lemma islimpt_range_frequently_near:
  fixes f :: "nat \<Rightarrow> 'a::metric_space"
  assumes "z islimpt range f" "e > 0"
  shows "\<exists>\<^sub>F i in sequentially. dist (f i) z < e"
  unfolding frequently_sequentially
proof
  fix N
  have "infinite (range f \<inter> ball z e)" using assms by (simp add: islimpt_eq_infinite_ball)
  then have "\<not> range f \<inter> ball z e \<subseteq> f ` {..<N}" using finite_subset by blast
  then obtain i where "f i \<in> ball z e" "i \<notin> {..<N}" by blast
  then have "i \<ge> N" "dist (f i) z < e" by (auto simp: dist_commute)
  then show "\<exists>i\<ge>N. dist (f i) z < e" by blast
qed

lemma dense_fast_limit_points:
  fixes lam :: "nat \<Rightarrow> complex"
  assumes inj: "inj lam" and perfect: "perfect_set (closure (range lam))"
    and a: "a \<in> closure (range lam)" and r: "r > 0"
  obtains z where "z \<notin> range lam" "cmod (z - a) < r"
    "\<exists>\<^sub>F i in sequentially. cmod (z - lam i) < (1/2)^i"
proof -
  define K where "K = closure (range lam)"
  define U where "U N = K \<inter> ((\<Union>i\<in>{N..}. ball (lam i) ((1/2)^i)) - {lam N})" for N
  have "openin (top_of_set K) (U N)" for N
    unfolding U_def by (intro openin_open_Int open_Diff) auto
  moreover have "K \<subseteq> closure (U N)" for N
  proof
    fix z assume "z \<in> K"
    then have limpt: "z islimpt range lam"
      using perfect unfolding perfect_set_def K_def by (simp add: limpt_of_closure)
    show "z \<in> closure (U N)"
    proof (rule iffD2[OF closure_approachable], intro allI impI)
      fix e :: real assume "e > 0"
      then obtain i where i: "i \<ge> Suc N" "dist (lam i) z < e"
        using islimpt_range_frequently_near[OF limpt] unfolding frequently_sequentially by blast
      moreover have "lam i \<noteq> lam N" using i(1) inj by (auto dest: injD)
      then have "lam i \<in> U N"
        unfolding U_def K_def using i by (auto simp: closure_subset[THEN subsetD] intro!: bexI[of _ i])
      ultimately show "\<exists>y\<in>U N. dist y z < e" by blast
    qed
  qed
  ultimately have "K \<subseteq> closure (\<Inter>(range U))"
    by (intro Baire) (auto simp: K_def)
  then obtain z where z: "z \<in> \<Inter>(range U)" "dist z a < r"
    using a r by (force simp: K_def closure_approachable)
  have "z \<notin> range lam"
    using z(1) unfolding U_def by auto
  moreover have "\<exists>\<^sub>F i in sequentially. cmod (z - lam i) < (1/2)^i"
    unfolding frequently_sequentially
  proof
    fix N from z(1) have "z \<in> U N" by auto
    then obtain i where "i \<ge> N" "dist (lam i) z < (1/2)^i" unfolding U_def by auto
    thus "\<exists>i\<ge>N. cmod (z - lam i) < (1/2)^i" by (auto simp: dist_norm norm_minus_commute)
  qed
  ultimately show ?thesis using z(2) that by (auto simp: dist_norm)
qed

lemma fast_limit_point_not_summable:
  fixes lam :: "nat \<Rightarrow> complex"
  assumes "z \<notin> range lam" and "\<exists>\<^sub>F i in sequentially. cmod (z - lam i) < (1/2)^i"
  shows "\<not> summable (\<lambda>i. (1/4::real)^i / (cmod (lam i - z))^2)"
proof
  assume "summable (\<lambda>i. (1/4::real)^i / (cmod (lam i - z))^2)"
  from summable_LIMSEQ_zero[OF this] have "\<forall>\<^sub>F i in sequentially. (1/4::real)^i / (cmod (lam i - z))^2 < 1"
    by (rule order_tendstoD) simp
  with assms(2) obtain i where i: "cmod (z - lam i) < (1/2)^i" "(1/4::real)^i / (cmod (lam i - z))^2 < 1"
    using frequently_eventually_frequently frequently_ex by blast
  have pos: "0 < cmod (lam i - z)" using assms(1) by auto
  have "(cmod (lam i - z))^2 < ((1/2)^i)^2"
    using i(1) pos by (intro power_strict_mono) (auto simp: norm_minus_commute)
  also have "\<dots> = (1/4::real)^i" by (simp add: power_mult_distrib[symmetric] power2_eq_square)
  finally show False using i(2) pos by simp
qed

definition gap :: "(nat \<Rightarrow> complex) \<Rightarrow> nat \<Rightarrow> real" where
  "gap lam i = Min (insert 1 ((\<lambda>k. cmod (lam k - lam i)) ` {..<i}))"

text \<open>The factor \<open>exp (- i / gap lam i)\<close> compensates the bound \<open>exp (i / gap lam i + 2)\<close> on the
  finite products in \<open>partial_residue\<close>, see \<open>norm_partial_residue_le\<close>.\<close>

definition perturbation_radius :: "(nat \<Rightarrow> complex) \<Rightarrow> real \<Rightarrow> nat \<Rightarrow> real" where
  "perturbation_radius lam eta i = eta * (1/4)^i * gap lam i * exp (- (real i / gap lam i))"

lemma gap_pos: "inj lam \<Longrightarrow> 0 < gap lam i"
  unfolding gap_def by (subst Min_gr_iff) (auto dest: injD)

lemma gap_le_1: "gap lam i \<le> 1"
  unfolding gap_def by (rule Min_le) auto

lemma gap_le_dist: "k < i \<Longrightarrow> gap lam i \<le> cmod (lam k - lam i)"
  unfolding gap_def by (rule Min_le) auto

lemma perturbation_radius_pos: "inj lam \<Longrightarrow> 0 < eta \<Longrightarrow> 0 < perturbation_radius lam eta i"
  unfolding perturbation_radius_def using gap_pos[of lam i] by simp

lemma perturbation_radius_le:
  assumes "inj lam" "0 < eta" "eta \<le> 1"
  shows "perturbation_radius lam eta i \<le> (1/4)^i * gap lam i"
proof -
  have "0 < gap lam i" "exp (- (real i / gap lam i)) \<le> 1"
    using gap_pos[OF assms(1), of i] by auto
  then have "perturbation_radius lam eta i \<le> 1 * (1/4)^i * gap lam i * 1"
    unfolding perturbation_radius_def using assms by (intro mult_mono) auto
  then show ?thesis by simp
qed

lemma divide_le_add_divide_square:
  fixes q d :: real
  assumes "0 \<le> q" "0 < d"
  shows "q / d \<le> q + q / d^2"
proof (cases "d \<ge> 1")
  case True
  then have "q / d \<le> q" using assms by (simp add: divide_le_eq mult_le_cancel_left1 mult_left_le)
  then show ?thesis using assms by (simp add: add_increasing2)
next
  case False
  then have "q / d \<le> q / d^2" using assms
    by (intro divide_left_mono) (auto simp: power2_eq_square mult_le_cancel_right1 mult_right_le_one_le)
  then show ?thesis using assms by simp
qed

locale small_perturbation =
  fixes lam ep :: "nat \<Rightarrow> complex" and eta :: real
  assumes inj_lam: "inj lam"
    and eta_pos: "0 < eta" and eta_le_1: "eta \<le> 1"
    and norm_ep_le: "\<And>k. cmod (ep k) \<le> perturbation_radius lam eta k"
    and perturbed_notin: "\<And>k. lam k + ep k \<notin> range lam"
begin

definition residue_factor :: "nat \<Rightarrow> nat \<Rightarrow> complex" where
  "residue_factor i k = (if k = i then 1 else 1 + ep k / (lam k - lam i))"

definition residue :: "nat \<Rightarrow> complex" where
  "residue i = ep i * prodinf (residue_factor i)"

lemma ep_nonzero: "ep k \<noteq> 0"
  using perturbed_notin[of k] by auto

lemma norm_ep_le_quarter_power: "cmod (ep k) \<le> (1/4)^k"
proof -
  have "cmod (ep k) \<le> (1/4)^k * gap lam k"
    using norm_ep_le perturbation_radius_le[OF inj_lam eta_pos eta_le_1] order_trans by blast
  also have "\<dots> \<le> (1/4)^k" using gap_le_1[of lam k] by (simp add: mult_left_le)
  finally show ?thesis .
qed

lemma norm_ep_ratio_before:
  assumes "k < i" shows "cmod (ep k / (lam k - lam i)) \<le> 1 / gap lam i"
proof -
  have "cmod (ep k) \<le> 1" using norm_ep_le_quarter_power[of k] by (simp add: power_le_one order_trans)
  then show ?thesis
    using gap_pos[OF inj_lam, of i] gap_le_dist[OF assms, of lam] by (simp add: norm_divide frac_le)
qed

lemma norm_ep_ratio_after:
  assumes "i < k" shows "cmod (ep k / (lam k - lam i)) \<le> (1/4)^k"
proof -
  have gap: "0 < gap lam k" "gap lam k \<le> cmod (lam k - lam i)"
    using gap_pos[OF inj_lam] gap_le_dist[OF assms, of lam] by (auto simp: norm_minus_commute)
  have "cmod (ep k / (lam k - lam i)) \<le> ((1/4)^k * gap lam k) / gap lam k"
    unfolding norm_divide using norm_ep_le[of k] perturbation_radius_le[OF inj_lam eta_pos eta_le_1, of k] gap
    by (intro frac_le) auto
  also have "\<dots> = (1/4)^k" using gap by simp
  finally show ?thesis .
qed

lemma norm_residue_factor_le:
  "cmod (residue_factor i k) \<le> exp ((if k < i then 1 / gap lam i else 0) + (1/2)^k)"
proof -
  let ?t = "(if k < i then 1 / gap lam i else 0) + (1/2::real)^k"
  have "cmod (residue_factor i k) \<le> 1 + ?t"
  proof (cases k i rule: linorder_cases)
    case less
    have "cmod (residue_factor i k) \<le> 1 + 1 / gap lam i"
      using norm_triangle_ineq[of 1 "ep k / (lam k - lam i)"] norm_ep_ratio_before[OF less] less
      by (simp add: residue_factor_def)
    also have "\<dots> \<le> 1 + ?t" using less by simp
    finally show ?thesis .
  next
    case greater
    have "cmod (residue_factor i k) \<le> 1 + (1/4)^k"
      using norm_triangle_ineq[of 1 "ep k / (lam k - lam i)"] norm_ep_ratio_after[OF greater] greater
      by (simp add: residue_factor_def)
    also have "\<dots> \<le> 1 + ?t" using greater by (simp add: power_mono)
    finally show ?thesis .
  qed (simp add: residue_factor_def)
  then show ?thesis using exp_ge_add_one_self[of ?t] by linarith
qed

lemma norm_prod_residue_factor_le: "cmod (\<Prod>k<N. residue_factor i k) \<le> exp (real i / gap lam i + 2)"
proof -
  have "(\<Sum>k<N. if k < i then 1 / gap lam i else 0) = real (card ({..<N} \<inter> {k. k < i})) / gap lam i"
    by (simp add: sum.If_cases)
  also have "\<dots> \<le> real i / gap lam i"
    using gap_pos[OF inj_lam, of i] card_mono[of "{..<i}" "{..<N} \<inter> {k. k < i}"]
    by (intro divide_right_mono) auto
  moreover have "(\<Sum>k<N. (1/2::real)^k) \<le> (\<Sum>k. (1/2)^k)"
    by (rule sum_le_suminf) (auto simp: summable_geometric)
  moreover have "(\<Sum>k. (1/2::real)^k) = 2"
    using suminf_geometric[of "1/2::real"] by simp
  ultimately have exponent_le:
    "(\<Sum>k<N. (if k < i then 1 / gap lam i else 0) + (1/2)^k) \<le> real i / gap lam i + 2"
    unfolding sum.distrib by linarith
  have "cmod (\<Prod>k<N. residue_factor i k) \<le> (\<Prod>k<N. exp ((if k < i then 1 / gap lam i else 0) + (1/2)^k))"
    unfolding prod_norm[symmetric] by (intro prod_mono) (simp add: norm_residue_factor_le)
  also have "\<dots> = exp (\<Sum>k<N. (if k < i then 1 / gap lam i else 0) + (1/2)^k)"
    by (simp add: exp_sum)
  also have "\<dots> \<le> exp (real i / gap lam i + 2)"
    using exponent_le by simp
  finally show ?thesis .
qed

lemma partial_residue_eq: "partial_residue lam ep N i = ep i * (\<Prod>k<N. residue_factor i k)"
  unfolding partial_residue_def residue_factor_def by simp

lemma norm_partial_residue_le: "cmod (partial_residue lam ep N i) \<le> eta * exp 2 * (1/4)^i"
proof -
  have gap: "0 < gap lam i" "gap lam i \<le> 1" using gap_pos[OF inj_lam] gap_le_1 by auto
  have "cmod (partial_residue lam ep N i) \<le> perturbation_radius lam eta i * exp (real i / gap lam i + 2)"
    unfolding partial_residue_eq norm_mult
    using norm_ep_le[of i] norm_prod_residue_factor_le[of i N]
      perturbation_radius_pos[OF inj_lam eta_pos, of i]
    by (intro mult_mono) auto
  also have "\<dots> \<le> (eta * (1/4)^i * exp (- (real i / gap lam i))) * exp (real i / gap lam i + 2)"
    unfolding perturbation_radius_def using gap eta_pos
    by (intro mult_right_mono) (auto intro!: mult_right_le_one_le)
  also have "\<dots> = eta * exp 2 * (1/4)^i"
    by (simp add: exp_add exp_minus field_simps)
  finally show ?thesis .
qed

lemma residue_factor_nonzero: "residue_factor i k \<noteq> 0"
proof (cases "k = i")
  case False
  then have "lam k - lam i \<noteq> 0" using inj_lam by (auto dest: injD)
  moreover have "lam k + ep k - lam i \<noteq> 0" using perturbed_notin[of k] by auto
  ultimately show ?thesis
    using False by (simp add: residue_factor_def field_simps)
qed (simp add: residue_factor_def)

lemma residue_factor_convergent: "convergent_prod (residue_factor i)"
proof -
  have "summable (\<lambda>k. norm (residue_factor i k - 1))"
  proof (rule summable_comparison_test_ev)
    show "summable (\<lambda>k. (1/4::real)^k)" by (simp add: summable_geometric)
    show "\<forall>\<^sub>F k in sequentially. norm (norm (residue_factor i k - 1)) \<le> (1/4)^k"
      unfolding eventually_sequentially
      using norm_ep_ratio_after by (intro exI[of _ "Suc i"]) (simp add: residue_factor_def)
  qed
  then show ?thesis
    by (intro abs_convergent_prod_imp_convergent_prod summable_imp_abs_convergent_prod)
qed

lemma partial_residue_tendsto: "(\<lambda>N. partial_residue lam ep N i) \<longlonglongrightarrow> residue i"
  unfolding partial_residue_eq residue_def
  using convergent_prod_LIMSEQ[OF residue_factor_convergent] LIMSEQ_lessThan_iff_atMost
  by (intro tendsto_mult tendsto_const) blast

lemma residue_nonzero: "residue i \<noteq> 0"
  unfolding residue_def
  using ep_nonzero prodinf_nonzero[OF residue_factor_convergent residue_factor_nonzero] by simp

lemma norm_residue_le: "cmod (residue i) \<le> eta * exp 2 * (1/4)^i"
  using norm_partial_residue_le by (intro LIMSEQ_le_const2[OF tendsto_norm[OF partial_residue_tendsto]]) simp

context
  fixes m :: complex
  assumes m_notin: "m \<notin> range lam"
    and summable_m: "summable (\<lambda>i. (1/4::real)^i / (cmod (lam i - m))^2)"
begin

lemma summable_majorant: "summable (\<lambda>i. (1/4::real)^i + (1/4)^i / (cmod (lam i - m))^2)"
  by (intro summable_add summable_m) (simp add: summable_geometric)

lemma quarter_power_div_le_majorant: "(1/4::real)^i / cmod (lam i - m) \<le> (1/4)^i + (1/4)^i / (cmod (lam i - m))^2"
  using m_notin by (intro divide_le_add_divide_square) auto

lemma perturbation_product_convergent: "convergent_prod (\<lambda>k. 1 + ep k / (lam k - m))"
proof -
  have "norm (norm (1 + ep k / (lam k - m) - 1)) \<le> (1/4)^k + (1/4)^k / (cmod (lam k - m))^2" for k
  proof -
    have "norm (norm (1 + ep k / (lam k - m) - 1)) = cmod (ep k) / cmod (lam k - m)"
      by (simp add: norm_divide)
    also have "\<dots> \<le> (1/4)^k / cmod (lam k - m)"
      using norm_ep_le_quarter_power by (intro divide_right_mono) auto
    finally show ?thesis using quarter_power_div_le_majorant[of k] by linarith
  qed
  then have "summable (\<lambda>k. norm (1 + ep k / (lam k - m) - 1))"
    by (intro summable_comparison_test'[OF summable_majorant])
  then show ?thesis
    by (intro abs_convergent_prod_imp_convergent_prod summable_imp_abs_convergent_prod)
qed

Task to carry out – Filter the material above down to the lines that hold the word "from".

Answer space –
    fix N from z(1) have "z \<in> U N" by auto
  from summable_LIMSEQ_zero[OF this] have "\<forall>\<^sub>F i in sequentially. (1/4::real)^i / (cmod (lam i - z))^2 < 1"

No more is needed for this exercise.